(Entries shown begins)

lemma ow_achievable_le_honest_links:
  assumes "zrw + zro + zwo \<le> C" "ow_achievable C zrw zro zwo R"
  shows "R \<le> real (C - (zrw + zwo))"
proof (rule ccontr)
  define zw where "zw = zrw + zwo"
  define k where "k = C - zw"
  assume "\<not> R \<le> real (C - (zrw + zwo))"
  then have "0 < R - real k" by (simp add: k_def zw_def)
  obtain N b K enc dec where N: "nat \<lceil>1 / (R - real k)\<rceil> + 1 \<le> N" and b: "1 \<le> b"
    and wf: "well_formed_code C (2 ^ b) N K enc" and rate: "R * real N * real b \<le> log 2 (real K)"
    and err: "\<And>Zrw Zro Zwo adv. admissible_adv C (2 ^ b) zrw zro zwo Zrw Zro Zwo adv \<Longrightarrow>
       error_prob C N K enc dec (Zrw \<union> Zwo) adv < 1 / 2"
    by (rule ow_achievable_codeE[OF assms(2), where eps = "1 / 2" and Nmin = "nat \<lceil>1 / (R - real k)\<rceil> + 1"])
      (simp, blast)
  have "admissible_adv C (2 ^ b) zrw zro zwo {..<zrw} {} {zrw..<zw} (return_pmf (\<lambda>_ _ _. 0))"
    using assms(1) by (auto simp: admissible_adv_def causal_jammer_def zw_def)
  moreover have "{..<zrw} \<union> {zrw..<zw} = {..<zw}" by (auto simp: zw_def)
  ultimately have "error_prob C N K enc dec {..<zw} (return_pmf (\<lambda>_ _ _. 0)) < 1 / 2"
    using err by metis
  then have "real K < 2 * real (card (received_ow C N {..<zw} (\<lambda>_ _ _. 0) ` codewords C (2 ^ b) N))"
    by (rule card_messages_lt_twice_card_outputs[OF wf])
  also have "\<dots> \<le> 2 * 2 ^ (b * N * k)"
  proof -
    have "card (received_ow C N {..<zw} (\<lambda>_ _ _. 0) ` codewords C (2 ^ b) N) \<le> 2 ^ (b * N * k)"
      using card_received_zeroed_le[of zw C N "2 ^ b"] assms(1) by (simp add: k_def zw_def power_mult)
    then show ?thesis by (metis mult_le_cancel_left_pos of_nat_le_iff of_nat_numeral of_nat_power zero_less_numeral)
  qed
  finally have "log 2 (real K) < log 2 (2 * 2 ^ (b * N * k))"
    using wf by (subst log_less_cancel_iff) (auto simp: well_formed_code_iff)
  then have "R * real N * real b < 1 + real b * real N * real k"
    using rate by (simp add: log_mult log_nat_power)
  moreover have "1 < (R - real k) * real N"
  proof -
    have "1 / (R - real k) < real N" using N by linarith
    then show ?thesis using \<open>0 < R - real k\<close> by (simp add: divide_less_eq mult.commute)
  qed
  moreover have "(R - real k) * real N \<le> (R - real k) * real N * real b"
    using b \<open>0 < R - real k\<close> mult_left_mono[of 1 "real b" "(R - real k) * real N"] by simp
  ultimately show False
    by (simp add: algebra_simps)
qed
lemma critical_points_distinct:
  fixes a b c d e g :: "'k::field"
  assumes two: "(2::'k) \<noteq> 0" and res: "bqf_resultant a b c d e g \<noteq> 0"
    and crit: "critical_points a b c d e g = {P, Q}"
  shows "P \<noteq> Q"
proof
  assume "P = Q"
  have "(4 * (a*g - c*d))^2 - 4 * (2 * (a*e - b*d)) * (2 * (b*g - c*e))
      = (2 * 2 * 2 * 2) * bqf_resultant a b c d e g"
    unfolding bqf_resultant_def by algebra
  with two res have disc: "(4 * (a*g - c*d))^2 - 4 * (2 * (a*e - b*d)) * (2 * (b*g - c*e)) \<noteq> 0"
    by (metis mult_eq_0_iff)
  have "P \<in> critical_points a b c d e g" using crit by simp
  then obtain q where "q \<noteq> P" "q \<in> critical_points a b c d e g"
    unfolding critical_points_eq_bqf_zeros using bqf_zeros_other_zero[OF disc] by blast
  with crit \<open>P = Q\<close> show False by simp
qed

lemma funpow_orbit_shift: "{(f ^^ n) x | n. n \<ge> 1} = {(f ^^ n) (f x) | n. True}"
proof -
  have "{(f ^^ n) x | n. n \<ge> 1} = {(f ^^ Suc n) x | n. True}"
    by (auto simp: Suc_le_eq simp del: funpow.simps dest!: gr0_implies_Suc)
  then show ?thesis by (simp add: funpow_Suc_right del: funpow.simps)
qed

lemma postcritical_orbit_eq:
  "postcritical_orbit f P Q = {(f ^^ n) (f P) | n. True} \<union> {(f ^^ n) (f Q) | n. True}"
  unfolding postcritical_orbit_def funpow_orbit_shift ..

lemma postcritical_orbit_closed:
  assumes "x \<in> postcritical_orbit f P Q"
  shows "f x \<in> postcritical_orbit f P Q"
proof -
  from assms obtain n R where "x = (f ^^ n) (f R)" "R = P \<or> R = Q"
    unfolding postcritical_orbit_eq by blast
  then have "f x = (f ^^ Suc n) (f R)" "R = P \<or> R = Q" by simp_all
  then show ?thesis unfolding postcritical_orbit_eq by blast
qed

theorem proposition2p2:
  fixes f :: "'k::field P1 \<Rightarrow> 'k P1" and P Q :: "'k P1"
  assumes "(2::'k) \<noteq> 0"
    and "quadratic_morphism f P Q"
    and "postcritically_finite f P Q"
  shows "finite_mapping_scheme (postcritical_orbit f P Q) f (f P) (f Q)"
proof -
  obtain a b c d e g where res: "bqf_resultant a b c d e g \<noteq> 0" and f: "f = qmap a b c d e g"
    and crit: "critical_points a b c d e g = {P, Q}"
    using assms(2) unfolding quadratic_morphism_def by blast
  let ?\<Gamma> = "postcritical_orbit f P Q"
  have fiber_crit: "{x. f x = f R} \<subseteq> {R}" if "R \<in> {P, Q}" for R
    using qmap_fiber_of_critical_point[OF assms(1) res] that crit f by blast
  have card_fiber_crit: "card {x \<in> ?\<Gamma>. f x = f R} \<le> 1" if "R \<in> {P, Q}" for R
  proof -
    have "card {x \<in> ?\<Gamma>. f x = f R} \<le> card {R}"
      using fiber_crit[OF that] by (intro card_mono) auto
    then show ?thesis by simp
  qed
  have "P \<noteq> Q" using critical_points_distinct[OF assms(1) res crit] .
  with fiber_crit have "f P \<noteq> f Q" by blast
  moreover have "finite ?\<Gamma>" using assms(3) unfolding postcritically_finite_def .
  moreover have "f P \<in> ?\<Gamma>" "f Q \<in> ?\<Gamma>"
    unfolding postcritical_orbit_eq by (auto intro: exI[of _ 0])
  moreover have "card {x \<in> ?\<Gamma>. f x = \<gamma>} \<le> 2" for \<gamma>
    unfolding f by (rule card_qmap_fiber_le_2[OF res])
  ultimately show ?thesis
    unfolding finite_mapping_scheme_def
    by (intro conjI ballI postcritical_orbit_eq card_fiber_crit)
      (simp_all add: postcritical_orbit_closed)
qed

end
lemma abs_mult_le_inv_power_sum:
  assumes "r > 0" "\<bar>x\<bar> \<le> u * inv_power_sum a1 b1 r" "\<bar>y\<bar> \<le> v * inv_power_sum a2 b2 r" "0 \<le> u" "0 \<le> v"
  shows "\<bar>x * y\<bar> \<le> real (card {a2..b2}) * (u * v) * inv_power_sum (a1 + a2) (b1 + b2) r"
proof -
  have "\<bar>x * y\<bar> \<le> (u * inv_power_sum a1 b1 r) * (v * inv_power_sum a2 b2 r)"
    unfolding abs_mult using assms(2,3) by (rule mult_mono) (simp_all add: assms(4) inv_power_sum_nonneg[OF assms(1)])
  also have "\<dots> = (u * v) * (inv_power_sum a1 b1 r * inv_power_sum a2 b2 r)" by (simp add: ac_simps)
  also have "\<dots> \<le> (u * v) * (real (card {a2..b2}) * inv_power_sum (a1 + a2) (b1 + b2) r)"
    using inv_power_sum_mult_le[OF assms(1)] assms(4,5) by (intro mult_left_mono) auto
  finally show ?thesis by (simp add: ac_simps)
qed

lemma pderivs_bounded_Nil_mult:
  fixes f g :: "(real^'n::finite \<Rightarrow> real) \<Rightarrow> real^'n \<Rightarrow> real"
  assumes "pderivs_bounded s1 a1 b1 [] f" "pderivs_bounded s2 a2 b2 [] g"
  shows "pderivs_bounded (max s1 s2) (a1 + a2) (b1 + b2) [] (\<lambda>\<Phi> x. f \<Phi> x * g \<Phi> x)"
proof -
  obtain F G where F: "growth_fun F" "pderivs_bounded_by F s1 a1 b1 [] f"
    and G: "growth_fun G" "pderivs_bounded_by G s2 a2 b2 [] g"
    using assms by (meson pderivs_boundedE)
  let ?F = "\<lambda>t. F (max 1 t)" and ?G = "\<lambda>t. G (max 1 t)"
  have F': "pderivs_bounded_by ?F (max s1 s2) a1 b1 [] f" and G': "pderivs_bounded_by ?G (max s1 s2) a2 b2 [] g"
    by (rule pderivs_bounded_by_mono[OF F(1,2)] pderivs_bounded_by_mono[OF G(1,2)]; simp)+
  define H where "H t = real (card {a2..b2}) * (?F t * ?G t)" for t
  have "growth_fun H"
    unfolding H_def by (intro growth_fun_mult growth_fun_const growth_fun_max_1 F(1) G(1)) simp
  moreover have "pderivs_bounded_by H (max s1 s2) (a1 + a2) (b1 + b2) [] (\<lambda>\<Phi> x. f \<Phi> x * g \<Phi> x)"
  proof (rule pderivs_bounded_byI)
    fix \<Phi> :: "real^'n \<Rightarrow> real" and V \<xi>
    assume h: "smooth_on UNIV \<Phi>" "MM_finite \<Phi> V (max s1 s2 + length ([]::'n list))" "\<xi> \<in> V" "\<xi> \<in> regular_set \<Phi>"
    show "\<bar>pderivs [] (\<lambda>x. f \<Phi> x * g \<Phi> x) \<xi>\<bar> \<le> H (MM \<Phi> V (max s1 s2 + length ([]::'n list)))
        * inv_power_sum (a1 + a2) (b1 + b2 + int (length ([]::'n list))) (norm (grad \<Phi> \<xi>))"
      using abs_mult_le_inv_power_sum[OF norm_grad_pos[OF h(4)]
          pderivs_bounded_byD[OF F' h, simplified] pderivs_bounded_byD[OF G' h, simplified]]
        growth_fun_nonneg[OF F(1)] growth_fun_nonneg[OF G(1)]
      by (simp add: H_def ac_simps)
  qed
  ultimately show ?thesis by (rule pderivs_boundedI)
qed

(Entries shown ends)

▸ **What the task asks**
The answer must consist of each line from the data that includes the string "lceil".

▸ **Solution below**
  obtain N b K enc dec where N: "nat \<lceil>1 / (R - real k)\<rceil> + 1 \<le> N" and b: "1 \<le> b"
    by (rule ow_achievable_codeE[OF assms(2), where eps = "1 / 2" and Nmin = "nat \<lceil>1 / (R - real k)\<rceil> + 1"])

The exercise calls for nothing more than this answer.